▸ EXERCISE DIRECTIONS: Please check every line of the listing for "exists" and copy each line where it is found.

▸ AVAILABLE RECORDS:
*** Begin section ***

lemma param_points:
  "C2 = frame 1 (s2\<^sup>2 / s1\<^sup>2)"
  "I = frame (s1\<^sup>2 / s3\<^sup>2) (2 * s2\<^sup>2 / s3\<^sup>2)"
  "midpoint T1 T2 = frame (1 / 2) 0"
  "midpoint T1 I = frame (s1\<^sup>2 / (2 * s3\<^sup>2)) (s2\<^sup>2 / s3\<^sup>2)"
  "midpoint T2 I = frame ((s1\<^sup>2 + s3\<^sup>2) / (2 * s3\<^sup>2)) (s2\<^sup>2 / s3\<^sup>2)"
proof -
  have sum: "a + b = d * s3\<^sup>2"
    by (simp add: a_param b_param flip: pythagoras) (simp add: algebra_simps)
  have "b / a = s2\<^sup>2 / s1\<^sup>2" "a / (a + b) = s1\<^sup>2 / s3\<^sup>2" "2 * b / (a + b) = 2 * s2\<^sup>2 / s3\<^sup>2"
    using param_pos unfolding sum by (simp_all add: a_param b_param)
  thus "C2 = frame 1 (s2\<^sup>2 / s1\<^sup>2)" and I: "I = frame (s1\<^sup>2 / s3\<^sup>2) (2 * s2\<^sup>2 / s3\<^sup>2)"
    using frame_vertices(4) I_frame by simp_all
  show "midpoint T1 T2 = frame (1 / 2) 0" by (rule tangent_midpoint_frame)
  show "midpoint T1 I = frame (s1\<^sup>2 / (2 * s3\<^sup>2)) (s2\<^sup>2 / s3\<^sup>2)"
    using frame_midpoint[of 0 0] param_pos by (simp add: I frame_vertices[symmetric] field_simps)
  show "midpoint T2 I = frame ((s1\<^sup>2 + s3\<^sup>2) / (2 * s3\<^sup>2)) (s2\<^sup>2 / s3\<^sup>2)"
    using frame_midpoint[of 1 0] param_pos by (simp add: I frame_vertices[symmetric] field_simps)
qed

lemma param_K_frame:
  assumes "K \<in> affine hull {C1, C2}" "K \<in> affine hull {T1, T2}"
  shows "K = frame (s1\<^sup>2 / (s1\<^sup>2 - s2\<^sup>2)) 0"
proof -
  have "a / (a - b) = s1\<^sup>2 / (s1\<^sup>2 - s2\<^sup>2)"
    using param_pos by (simp add: a_param b_param flip: right_diff_distrib)
  thus ?thesis using K_frame[OF assms] by simp
qed

lemma param_s2_less_s1: "s2 < s1"
proof -
  have "d * s2\<^sup>2 < d * s1\<^sup>2" using b_less_a by (simp add: a_param b_param)
  hence "s2\<^sup>2 < s1\<^sup>2" using param_pos by simp
  thus "s2 < s1" using param_pos by (simp add: power_less_imp_less_base)
qed

lemma param_midpoint_distances:
  "dist T1 T2 = 2 * d * s1 * s2 \<and>
   dist I (midpoint T1 T2) = d * s1 * s2 \<and>
   dist T1 (midpoint T1 T2) = d * s1 * s2 \<and>
   dist T2 (midpoint T1 T2) = d * s1 * s2 \<and>
   dist C1 (midpoint T1 T2) = d * s1 * s3 \<and>
   dist C2 (midpoint T1 T2) = d * s2 * s3"
  apply (intro conjI; (rule param_dist_eqI, (rule frame_vertices(1-3) param_points)+))
  using param_pos apply (simp_all add: field_simps)
  using pythagoras apply algebra+
  done

lemma param_chord_distances:
  "dist T1 I = 2 * d * s2 * s1\<^sup>2 / s3 \<and>
   dist T2 I = 2 * d * s1 * s2\<^sup>2 / s3 \<and>
   dist C1 (midpoint T1 I) = d * s1 ^ 3 / s3 \<and>
   dist C2 (midpoint T2 I) = d * s2 ^ 3 / s3 \<and>
   dist (midpoint T1 I) (midpoint T1 T2) = d * s1 * s2\<^sup>2 / s3 \<and>
   dist (midpoint T2 I) (midpoint T1 T2) = d * s2 * s1\<^sup>2 / s3"
  apply (intro conjI; (rule param_dist_eqI, (rule frame_vertices(1-3) param_points)+))
  using param_pos apply (simp_all add: field_simps)
  using pythagoras apply algebra+
  done

lemma param_K_distances:
  assumes "K \<in> affine hull {C1, C2}" "K \<in> affine hull {T1, T2}"
  shows "dist C2 K = d * s2\<^sup>2 * s3\<^sup>2 / (s1\<^sup>2 - s2\<^sup>2) \<and>
    dist T2 K = 2 * d * s2 ^ 3 * s1 / (s1\<^sup>2 - s2\<^sup>2) \<and>
    dist C1 K = d * s1\<^sup>2 * s3\<^sup>2 / (s1\<^sup>2 - s2\<^sup>2) \<and>
    dist T1 K = 2 * d * s1 ^ 3 * s2 / (s1\<^sup>2 - s2\<^sup>2)"
proof -
  have "s2\<^sup>2 < s1\<^sup>2" using param_pos param_s2_less_s1 by (simp add: power_strict_mono)
  hence gap: "0 < s1\<^sup>2 - s2\<^sup>2" "s1\<^sup>2 - s2\<^sup>2 \<noteq> 0" by simp_all
  show ?thesis
    unfolding pythagoras[symmetric]
    apply (intro conjI;
        (rule param_dist_eqI, (rule frame_vertices(1-3) param_points param_K_frame[OF assms])+))
    using param_pos gap by (simp_all add: field_simps) (simp_all add: eval_nat_numeral algebra_simps)
qed

end

lemma integer_pythagorean_lengths:
  fixes d r1 r2 r3 :: nat and K :: "real^2"
  assumes pos: "0 < d" "0 < r1" "0 < r2" "0 < r3" and pyth: "r1^2 + r2^2 = r3^2"
    and radii: "a = real (d * r1^2)" "b = real (d * r2^2)"
    and K: "K \<in> affine hull {C1, C2}" "K \<in> affine hull {T1, T2}"
  shows "r2 < r1 \<and>
          dist T1 T2 = 2 * real d * real r1 * real r2 \<and>
          dist I (midpoint T1 T2) = real d * real r1 * real r2 \<and>
          dist T1 (midpoint T1 T2) = real d * real r1 * real r2 \<and>
          dist T2 (midpoint T1 T2) = real d * real r1 * real r2 \<and>
          dist C1 (midpoint T1 T2) = real (d * r1 * r3) \<and>
          dist C2 (midpoint T1 T2) = real (d * r2 * r3) \<and>
          dist T1 I = 2 * real d * real r2 * (real r1)\<^sup>2 / real r3 \<and>
          dist T2 I = 2 * real d * real r1 * (real r2)\<^sup>2 / real r3 \<and>
          dist C1 (midpoint T1 I) = real d * real r1 ^ 3 / real r3 \<and>
          dist C2 (midpoint T2 I) = real d * real r2 ^ 3 / real r3 \<and>
          dist (midpoint T1 I) (midpoint T1 T2) = real d * real r1 * (real r2)\<^sup>2 / real r3 \<and>
          dist (midpoint T2 I) (midpoint T1 T2) = real d * real r2 * (real r1)\<^sup>2 / real r3 \<and>
          dist C2 K = real (d * r2\<^sup>2 * r3\<^sup>2) / ((real r1)\<^sup>2 - (real r2)\<^sup>2) \<and>
          dist T2 K = 2 * real d * real r2 ^ 3 * real r1 / ((real r1)\<^sup>2 - (real r2)\<^sup>2) \<and>
          dist C1 K = real (d * r1\<^sup>2 * r3\<^sup>2) / ((real r1)\<^sup>2 - (real r2)\<^sup>2) \<and>
          dist T1 K = 2 * real d * real r1 ^ 3 * real r2 / ((real r1)\<^sup>2 - (real r2)\<^sup>2) \<and>
          dist T1 I \<in> \<rat> \<and> dist T2 I \<in> \<rat> \<and> dist C1 (midpoint T1 I) \<in> \<rat> \<and>
          dist C2 (midpoint T2 I) \<in> \<rat> \<and> dist (midpoint T1 I) (midpoint T1 T2) \<in> \<rat> \<and>
          dist (midpoint T2 I) (midpoint T1 T2) \<in> \<rat> \<and> dist C2 K \<in> \<rat> \<and>
          dist T2 K \<in> \<rat> \<and> dist C1 K \<in> \<rat> \<and> dist T1 K \<in> \<rat>"
proof -
  have real_pos: "0 < real d" "0 < real r1" "0 < real r2" "0 < real r3"
    using pos by simp_all
  have real_pyth: "(real r1)\<^sup>2 + (real r2)\<^sup>2 = (real r3)\<^sup>2"
    using pyth by (metis of_nat_add of_nat_power)
  have real_radii: "a = real d * (real r1)\<^sup>2" "b = real d * (real r2)\<^sup>2"
    using radii by simp_all
  note params = real_pos real_pyth real_radii
  have "r2 < r1" using param_s2_less_s1[OF params] by simp
  moreover note param_midpoint_distances[OF params] param_chord_distances[OF params]
    param_K_distances[OF params K]
  ultimately show ?thesis
    by (simp only: of_nat_mult of_nat_power of_nat_numeral)
      (simp add: Rats_divide Rats_mult Rats_diff Rats_power)
qed

end

section \<open>Radii making the tangent and the centre-midpoint distances integral\<close>

lemma square_of_sqrt_in_Ints:
  fixes n :: nat
  assumes "sqrt (real n) \<in> \<int>"
  shows "\<exists>k. n = k\<^sup>2"
proof -
  obtain z where z: "sqrt (real n) = of_int z" using assms Ints_cases by metis
  hence "0 \<le> z" by (metis of_int_0_le_iff real_sqrt_ge_zero of_nat_0_le_iff)
  moreover have "real n = (of_int z)\<^sup>2" using z by (metis of_nat_0_le_iff real_sqrt_pow2)
  ultimately have "real n = real ((nat z)\<^sup>2)" by simp
  thus ?thesis by (metis of_nat_eq_iff)
qed

lemma square_cofactor:
  fixes c x k :: nat
  assumes "0 < c" "c\<^sup>2 * x = k\<^sup>2"
  shows "\<exists>j. k = c * j \<and> x = j\<^sup>2"
proof -
  have "c\<^sup>2 dvd k\<^sup>2" using assms(2) by (metis dvd_triv_left)
  hence "c dvd k" by simp
  then obtain j where j: "k = c * j" ..
  hence "c\<^sup>2 * x = c\<^sup>2 * j\<^sup>2" using assms(2) by (simp add: power_mult_distrib)
  hence "x = j\<^sup>2" using assms(1) by simp
  with j show ?thesis by blast
qed

(* Writing R1 = d x, R2 = d y with d = gcd R1 R2: 4 R1 R2 square makes the coprime x, y
   squares r1^2, r2^2, and then R1 (R1 + R2) = (d r1)^2 (r1^2 + r2^2) square makes
   r1^2 + r2^2 a square. *)
lemma pythagorean_radii:
  fixes R1 R2 k m :: nat
  assumes "0 < R1" "0 < R2" "4 * R1 * R2 = k\<^sup>2" "R1 * (R1 + R2) = m\<^sup>2"
  shows "\<exists>d r1 r2 r3 :: nat. 0 < d \<and> 0 < r1 \<and> 0 < r2 \<and> 0 < r3 \<and> coprime r1 r2 \<and>
           r1\<^sup>2 + r2\<^sup>2 = r3\<^sup>2 \<and> R1 = d * r1\<^sup>2 \<and> R2 = d * r2\<^sup>2"
proof -
  define d where "d = gcd R1 R2"
  define x where "x = R1 div d"
  define y where "y = R2 div d"
  have d_pos: "0 < d" using assms(1) by (simp add: d_def)
  have R1: "R1 = d * x" and R2: "R2 = d * y" by (simp_all add: x_def y_def d_def)
  have "coprime x y" unfolding x_def y_def d_def using assms(1) by (intro div_gcd_coprime) simp
  have xy_pos: "0 < x" "0 < y" using R1 R2 assms(1,2) by auto
  have "(2 * d)\<^sup>2 * (x * y) = k\<^sup>2" using assms(3) R1 R2 by (simp add: power2_eq_square algebra_simps)
  then obtain j where "x * y = j\<^sup>2"
    using square_cofactor d_pos by (metis mult_pos_pos zero_less_numeral)
  hence "is_nth_power 2 x" "is_nth_power 2 y"
    using is_nth_power_mult_coprime_natD[OF \<open>coprime x y\<close> _ xy_pos]
    by (auto simp: is_nth_power_def)
  then obtain r1 r2 where r1: "x = r1\<^sup>2" and r2: "y = r2\<^sup>2" by (auto simp: is_nth_power_def)
  have r_pos: "0 < r1" "0 < r2" using xy_pos r1 r2 by auto
  have "(d * r1)\<^sup>2 * (r1\<^sup>2 + r2\<^sup>2) = m\<^sup>2"
    using assms(4) R1 R2 r1 r2 by (simp add: power2_eq_square algebra_simps)
  then obtain r3 where r3: "r1\<^sup>2 + r2\<^sup>2 = r3\<^sup>2"
    using square_cofactor d_pos r_pos by (metis mult_pos_pos)
  have "0 < r3" using r3 r_pos(1) by (cases "r3 = 0") auto
  moreover have "coprime r1 r2" using \<open>coprime x y\<close> r1 r2 by simp
  ultimately show ?thesis using d_pos r_pos r3 R1 R2 r1 r2 by blast
qed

*** End section ***

▸ THE ANSWER:
  shows "\<exists>k. n = k\<^sup>2"
  shows "\<exists>j. k = c * j \<and> x = j\<^sup>2"
  shows "\<exists>d r1 r2 r3 :: nat. 0 < d \<and> 0 < r1 \<and> 0 < r2 \<and> 0 < r3 \<and> coprime r1 r2 \<and>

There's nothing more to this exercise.